* REQUIRED ACTION: Among the following entries, say how many lines contain the word "symmetric"; the answer is a number and nothing else.

[EXERCISE MATERIAL Boundary: Start]

lemma finite_field_power_card_minus_1:
  fixes x :: "'a::{field,finite}" assumes "x \<noteq> 0"
  shows "x ^ (card (UNIV::'a set) - 1) = 1"
proof -
  let ?U = "UNIV - {0::'a}"
  have "prod (\<lambda>y. y) ?U = prod ((*) x) ?U"
    using assms by (intro prod.reindex_bij_witness[of _ "(*) x" "\<lambda>y. y / x"]) auto
  also have "\<dots> = x ^ card ?U * prod (\<lambda>y. y) ?U" by (simp add: prod.distrib)
  finally have "x ^ card ?U = 1" by simp
  moreover have "card ?U = card (UNIV::'a set) - 1" by (simp add: card_Diff_singleton)
  ultimately show ?thesis by simp
qed

lemma finite_field_card_ge_2: "card (UNIV::'a::{field,finite} set) \<ge> 2"
  using card_mono[OF finite_UNIV, of "{0::'a, 1}"] by simp

lemma exp_2pi_i_quarter: "exp (2 * of_real pi * \<i> * of_real (1/4)) = \<i>"
  using cis_pi_half by (simp add: cis_conv_exp mult_ac)

lemma exp_2pi_i_half: "exp (2 * of_real pi * \<i> * of_real (1/2)) = -1"
  using exp_pi_i' by (simp add: mult_ac)

lemma exp_2pi_i_three_quarters: "exp (2 * of_real pi * \<i> * of_real (3/4)) = - \<i>"
proof -
  have "exp (2 * of_real pi * \<i> * of_real (3/4)) = cis (3/2 * pi)"
    by (simp add: cis_conv_exp mult_ac)
  also have "\<dots> = - \<i>" using cos_3over2_pi sin_3over2_pi by (simp add: complex_eq_iff)
  finally show ?thesis .
qed

lemma zetaN_power: assumes "a > 0" shows "zetaN (a * b) ^ a = zetaN b"
proof -
  have "of_nat a * (2 * of_real pi * \<i> / of_nat (a * b)) = 2 * of_real pi * \<i> / (of_nat b :: complex)"
    using assms by (cases "b = 0") (simp_all add: field_simps)
  then show ?thesis by (simp only: zetaN_def exp_of_nat_mult[symmetric])
qed

lemma zetaN_power_self: assumes "N > 0" shows "zetaN N ^ N = 1"
proof -
  have "zetaN 1 = 1" unfolding zetaN_def by simp
  then show ?thesis using zetaN_power[of N 1] assms by simp
qed

lemma zetaN_4: "zetaN 4 = \<i>"
proof -
  have "2 * of_real pi * \<i> / of_nat 4 = 2 * of_real pi * \<i> * of_real (1/4)" by simp
  then show ?thesis using exp_2pi_i_quarter by (simp only: zetaN_def)
qed

lemma fourth_roots_filter:
  "(1::complex) + \<i> * \<i> ^ n - (-1) ^ n - \<i> * (- \<i>) ^ n = (if n mod 4 = 3 then 4 else 0)"
proof -
  define r where "r = n mod 4"
  have reduce: "u ^ n = u ^ r" if "u ^ 4 = 1" for u :: complex
    using power_mod_eq[OF that] by (simp add: r_def)
  have "(-1::complex) ^ 4 = 1" "\<i> ^ 4 = 1" "(- \<i>) ^ 4 = 1" by (simp_all add: eval_nat_numeral)
  then have "(-1::complex) ^ n = (-1) ^ r" "\<i> ^ n = \<i> ^ r" "(- \<i>) ^ n = (- \<i>) ^ r"
    using reduce by blast+
  moreover have "r = 0 \<or> r = 1 \<or> r = 2 \<or> r = 3" unfolding r_def by arith
  ultimately show ?thesis
    unfolding r_def[symmetric] by (elim disjE) (simp_all add: eval_nat_numeral)
qed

[EXERCISE MATERIAL Boundary: End]

* ANSWER BOX: 2